[Saved entries]
(* Let $F$ be a field of characteristic not $2$, let $a\in F^*$ be a non-square, and let $L=F(\sqrt{a})$. Then $F^{(3)}\subset L^{(3)}$.
   Context: All fields are taken inside a fixed quadratic closure $F_q$ of $F$. For a field $K$ of characteristic not $2$, define $K^{(1)}=K$ and, for $n\ge 1$, $K^{(n+1)}$ is the compositum of all quadratic extensions of $K^{(n)}$ which are Galois over $K$. *)

theory Defs
  imports "HOL-Computational_Algebra.Polynomial"
begin

text \<open>The ambient type 'a plays the role of the fixed quadratic closure F_q.
 Subfields of it are represented as sets.\<close>

definition subfield :: "'a::field set \<Rightarrow> bool" where
  "subfield K \<longleftrightarrow> 0 \<in> K \<and> 1 \<in> K \<and>
     (\<forall>x\<in>K. \<forall>y\<in>K. x + y \<in> K \<and> x - y \<in> K \<and> x * y \<in> K) \<and>
     (\<forall>x\<in>K. inverse x \<in> K)"

definition gen_field :: "'a::field set \<Rightarrow> 'a set" where
  "gen_field S = \<Inter>{K. subfield K \<and> S \<subseteq> K}"

definition is_quadratic_closure_of :: "'a::field set \<Rightarrow> bool" where
  "is_quadratic_closure_of F \<longleftrightarrow> (\<forall>x::'a. \<exists>y. y * y = x) \<and>
     (\<forall>K. subfield K \<and> F \<subseteq> K \<and> (\<forall>x\<in>K. \<exists>y\<in>K. y * y = x) \<longrightarrow> K = UNIV)"

definition ext_dim :: "'a::field set \<Rightarrow> 'a set \<Rightarrow> nat \<Rightarrow> bool" where
  "ext_dim K E n \<longleftrightarrow> (\<exists>b::'a list. length b = n \<and> set b \<subseteq> E \<and>
     (\<forall>x\<in>E. \<exists>!c::nat \<Rightarrow> 'a. (\<forall>i<n. c i \<in> K) \<and> (\<forall>i\<ge>n. c i = 0) \<and>
        x = (\<Sum>i<n. c i * b ! i)))"

definition quadratic_ext :: "'a::field set \<Rightarrow> 'a set \<Rightarrow> bool" where
  "quadratic_ext K E \<longleftrightarrow> subfield K \<and> subfield E \<and> K \<subseteq> E \<and> ext_dim K E 2"

definition poly_over :: "'a::field set \<Rightarrow> 'a poly \<Rightarrow> bool" where
  "poly_over K p \<longleftrightarrow> (\<forall>i. coeff p i \<in> K)"

definition irreducible_over :: "'a::field set \<Rightarrow> 'a poly \<Rightarrow> bool" where
  "irreducible_over K p \<longleftrightarrow> poly_over K p \<and> degree p \<ge> 1 \<and>
     \<not> (\<exists>q r. poly_over K q \<and> poly_over K r \<and> degree q \<ge> 1 \<and> degree r \<ge> 1 \<and> p = q * r)"

text \<open>E is a Galois (algebraic, normal and separable) extension of K: every element of E
 is a root of an irreducible polynomial over K which splits over E into distinct linear
 factors.\<close>
definition galois_over :: "'a::field set \<Rightarrow> 'a set \<Rightarrow> bool" where
  "galois_over K E \<longleftrightarrow> subfield K \<and> subfield E \<and> K \<subseteq> E \<and>
     (\<forall>x\<in>E. \<exists>p. irreducible_over K p \<and> poly p x = 0 \<and>
        (\<exists>rs. distinct rs \<and> set rs \<subseteq> E \<and>
              p = smult (lead_coeff p) (\<Prod>r\<leftarrow>rs. [:- r, 1:])))"

definition quad_step :: "'a::field set \<Rightarrow> 'a set \<Rightarrow> 'a set" where
  "quad_step K M = gen_field (M \<union> \<Union>{E. quadratic_ext M E \<and> galois_over K E})"

text \<open>kup K n = K^{(n)} for n \<ge> 1 (the value at 0 is irrelevant).\<close>
fun kup :: "'a::field set \<Rightarrow> nat \<Rightarrow> 'a set" where
  "kup K 0 = K"
| "kup K (Suc 0) = K"
| "kup K (Suc (Suc n)) = quad_step K (kup K (Suc n))"

end

theory Submission
  imports Defs
begin

(* Every quadratic extension of F is F(t) with t^2 in F, and t^2 also lies in L, so
   F^(2) \<subseteq> L^(2); with F_q quadratically closed, L^(2) is the field generated by all
   square roots of elements of L.  A quadratic extension E of F^(2) which is Galois over F is
   F^(2)(w) with w^2 in F^(2) \<subseteq> L^(2), and all roots of the minimal polynomial of w over F
   lie in E.  Hence M = L^(2)(w) is Galois over L: each element of M lies in a finite tower
   L(t_1, ..., t_n, w) with t_i^2 in L that is mapped into itself by every L-homomorphism
   into F_q, and the orbit polynomial of an element of such a tower has coefficients fixed by
   all these homomorphisms, hence in L.  So M \<subseteq> L^(3), and therefore F^(3) \<subseteq> L^(3). *)

section \<open>Subfields and generated fields\<close>

lemma subfieldD:
  assumes "subfield K"
  shows "0 \<in> K" "1 \<in> K" "x \<in> K \<Longrightarrow> y \<in> K \<Longrightarrow> x + y \<in> K"
    "x \<in> K \<Longrightarrow> y \<in> K \<Longrightarrow> x - y \<in> K" "x \<in> K \<Longrightarrow> y \<in> K \<Longrightarrow> x * y \<in> K"
    "x \<in> K \<Longrightarrow> inverse x \<in> K"
  using assms unfolding subfield_def by auto

lemma subfield_uminus: "subfield K \<Longrightarrow> x \<in> K \<Longrightarrow> - x \<in> K"
  using subfieldD(1)[of K] subfieldD(4)[of K 0 x] by simp

lemma subfield_divide: "subfield K \<Longrightarrow> x \<in> K \<Longrightarrow> y \<in> K \<Longrightarrow> x / y \<in> K"
  by (simp add: divide_inverse subfieldD)

lemma subfield_gen_field: "subfield (gen_field S)"
  unfolding gen_field_def subfield_def by auto

lemma gen_field_superset: "S \<subseteq> gen_field S"
  unfolding gen_field_def by auto

lemma gen_field_least: "subfield K \<Longrightarrow> S \<subseteq> K \<Longrightarrow> gen_field S \<subseteq> K"
  unfolding gen_field_def by auto

lemma gen_field_mono: "S \<subseteq> T \<Longrightarrow> gen_field S \<subseteq> gen_field T"
  by (meson gen_field_least gen_field_superset order_trans subfield_gen_field)

lemma gen_field_idem: "subfield K \<Longrightarrow> gen_field K = K"
  by (simp add: gen_field_least gen_field_superset subset_antisym)

lemma gen_field_Un_gen_field: "gen_field (gen_field S \<union> T) = gen_field (S \<union> T)"
proof
  show "gen_field (gen_field S \<union> T) \<subseteq> gen_field (S \<union> T)"
    by (rule gen_field_least[OF subfield_gen_field])
       (metis Un_least Un_upper1 Un_upper2 gen_field_mono gen_field_superset order_trans)
  show "gen_field (S \<union> T) \<subseteq> gen_field (gen_field S \<union> T)"
    by (rule gen_field_mono) (use gen_field_superset in blast)
qed

text \<open>The fields generated by the finite subsets of S form a directed union, which is
  therefore a subfield.\<close>
lemma gen_field_finite_support:
  assumes "x \<in> gen_field S"
  shows "\<exists>T. finite T \<and> T \<subseteq> S \<and> x \<in> gen_field T"
proof -
  define U where "U = {x. \<exists>T. finite T \<and> T \<subseteq> S \<and> x \<in> gen_field T}"
  have common: "\<exists>T. finite T \<and> T \<subseteq> S \<and> x \<in> gen_field T \<and> y \<in> gen_field T"
    if "x \<in> U" "y \<in> U" for x y
  proof -
    obtain T1 where "finite T1" "T1 \<subseteq> S" "x \<in> gen_field T1"
      using \<open>x \<in> U\<close> by (auto simp: U_def)
    moreover obtain T2 where "finite T2" "T2 \<subseteq> S" "y \<in> gen_field T2"
      using \<open>y \<in> U\<close> by (auto simp: U_def)
    moreover have "gen_field T1 \<subseteq> gen_field (T1 \<union> T2)" "gen_field T2 \<subseteq> gen_field (T1 \<union> T2)"
      by (simp_all add: gen_field_mono)
    ultimately show ?thesis by (intro exI[of _ "T1 \<union> T2"]) auto
  qed
  have "subfield U"
    unfolding subfield_def
  proof (intro conjI ballI)
    show "0 \<in> U" "1 \<in> U"
      using subfieldD(1,2)[OF subfield_gen_field, of "{}"] by (auto simp: U_def)
  next
    fix x y assume "x \<in> U" "y \<in> U"
    then obtain T where T: "finite T" "T \<subseteq> S" and xy: "x \<in> gen_field T" "y \<in> gen_field T"
      using common by blast
    note G = subfieldD[OF subfield_gen_field[of T]]
    show "x + y \<in> U" "x - y \<in> U" "x * y \<in> U"
      using G(3-5)[OF xy] T by (auto simp: U_def)
  next
    fix x assume "x \<in> U"
    then obtain T where "finite T" "T \<subseteq> S" "x \<in> gen_field T"
      by (auto simp: U_def)
    then show "inverse x \<in> U"
      using subfieldD(6)[OF subfield_gen_field] by (auto simp: U_def)
  qed
  moreover have "S \<subseteq> U"
    using gen_field_superset[of "{x}" for x] by (auto simp: U_def)
  ultimately have "gen_field S \<subseteq> U"
    by (rule gen_field_least)
  then show ?thesis
    using assms by (auto simp: U_def)
qed

lemma finite_subset_gen_field_finite_support:
  assumes "finite X" "X \<subseteq> gen_field S"
  shows "\<exists>T. finite T \<and> T \<subseteq> S \<and> X \<subseteq> gen_field T"
  using assms
proof (induction X rule: finite_induct)
  case empty
  show ?case by auto
next
  case (insert x X)
  obtain T1 where T1: "finite T1" "T1 \<subseteq> S" "X \<subseteq> gen_field T1"
    using insert.IH insert.prems by auto
  obtain T2 where T2: "finite T2" "T2 \<subseteq> S" "x \<in> gen_field T2"
    using gen_field_finite_support[of x S] insert.prems by auto
  have "gen_field T1 \<subseteq> gen_field (T1 \<union> T2)" "gen_field T2 \<subseteq> gen_field (T1 \<union> T2)"
    by (simp_all add: gen_field_mono)
  then show ?case using T1 T2 by (intro exI[of _ "T1 \<union> T2"]) auto
qed

section \<open>Homomorphisms fixing a subfield\<close>

definition hom_fixing :: "'a::field set \<Rightarrow> 'a set \<Rightarrow> ('a \<Rightarrow> 'a) \<Rightarrow> bool" where
  "hom_fixing K A \<sigma> \<longleftrightarrow> (\<forall>k\<in>K. \<sigma> k = k) \<and> \<sigma> 1 = 1 \<and>
     (\<forall>x\<in>A. \<forall>y\<in>A. \<sigma> (x + y) = \<sigma> x + \<sigma> y \<and> \<sigma> (x * y) = \<sigma> x * \<sigma> y)"

lemma hom_fixing_fix: "hom_fixing K A \<sigma> \<Longrightarrow> k \<in> K \<Longrightarrow> \<sigma> k = k"
  unfolding hom_fixing_def by auto

lemma hom_fixing_one: "hom_fixing K A \<sigma> \<Longrightarrow> \<sigma> 1 = 1"
  unfolding hom_fixing_def by auto

lemma hom_fixing_add: "hom_fixing K A \<sigma> \<Longrightarrow> x \<in> A \<Longrightarrow> y \<in> A \<Longrightarrow> \<sigma> (x + y) = \<sigma> x + \<sigma> y"
  unfolding hom_fixing_def by auto

lemma hom_fixing_mult: "hom_fixing K A \<sigma> \<Longrightarrow> x \<in> A \<Longrightarrow> y \<in> A \<Longrightarrow> \<sigma> (x * y) = \<sigma> x * \<sigma> y"
  unfolding hom_fixing_def by auto

context
  fixes K A :: "'a::field set" and \<sigma> :: "'a \<Rightarrow> 'a"
  assumes hom: "hom_fixing K A \<sigma>" and A: "subfield A"
begin

lemma hom_fixing_add_mult:
  "x \<in> A \<Longrightarrow> y \<in> A \<Longrightarrow> z \<in> A \<Longrightarrow> \<sigma> (x + y * z) = \<sigma> x + \<sigma> y * \<sigma> z"
  using subfieldD(5)[OF A] by (simp add: hom_fixing_add[OF hom] hom_fixing_mult[OF hom])

lemma hom_fixing_zero: "\<sigma> 0 = 0"
proof -
  have "\<sigma> (0 + 0) = \<sigma> 0 + \<sigma> 0"
    using hom_fixing_add[OF hom] subfieldD(1)[OF A] by blast
  then show ?thesis by (metis add.right_neutral add_left_cancel)
qed

lemma hom_fixing_uminus: "x \<in> A \<Longrightarrow> \<sigma> (- x) = - \<sigma> x"
proof -
  assume x: "x \<in> A"
  have "\<sigma> x + \<sigma> (- x) = \<sigma> (x + - x)"
    using hom_fixing_add[OF hom, of x "- x"] subfield_uminus[OF A x] x by simp
  then show ?thesis
    by (simp add: hom_fixing_zero add_eq_0_iff2)
qed

lemma hom_fixing_diff: "x \<in> A \<Longrightarrow> y \<in> A \<Longrightarrow> \<sigma> (x - y) = \<sigma> x - \<sigma> y"
  using hom_fixing_add[OF hom, of x "- y"] hom_fixing_uminus[of y] subfield_uminus[OF A] by simp

lemma hom_fixing_inverse: "x \<in> A \<Longrightarrow> \<sigma> (inverse x) = inverse (\<sigma> x)"
proof (cases "x = 0")
  case True
  then show ?thesis by (simp add: hom_fixing_zero)
next
  case False
  assume x: "x \<in> A"
  have "\<sigma> x * \<sigma> (inverse x) = 1"
    using hom_fixing_mult[OF hom, of x "inverse x"] hom_fixing_one[OF hom] subfieldD(6)[OF A] x False by auto
  then show ?thesis by (metis inverse_unique)
qed

lemma hom_fixing_inj_on: "inj_on \<sigma> A"
proof (rule inj_onI)
  fix x y assume xy: "x \<in> A" "y \<in> A" "\<sigma> x = \<sigma> y"
  then have "\<sigma> (x - y) * \<sigma> (inverse (x - y)) = 0"
    by (simp add: hom_fixing_diff)
  then have "\<sigma> ((x - y) * inverse (x - y)) = 0"
    using xy subfieldD(4,6)[OF A] by (simp add: hom_fixing_mult[OF hom])
  then show "x = y"
    using hom_fixing_one[OF hom] by (cases "x = y") auto
qed

end

lemma hom_fixing_id: "hom_fixing K A id"
  unfolding hom_fixing_def by auto

lemma hom_fixing_mono: "hom_fixing K A \<sigma> \<Longrightarrow> B \<subseteq> A \<Longrightarrow> hom_fixing K B \<sigma>"
  unfolding hom_fixing_def by blast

• _What is needed_
Working through the data above, find every line holding "tower" and copy it.

• _Answer to this exercise_
   lie in E.  Hence M = L^(2)(w) is Galois over L: each element of M lies in a finite tower
   into F_q, and the orbit polynomial of an element of such a tower has coefficients fixed by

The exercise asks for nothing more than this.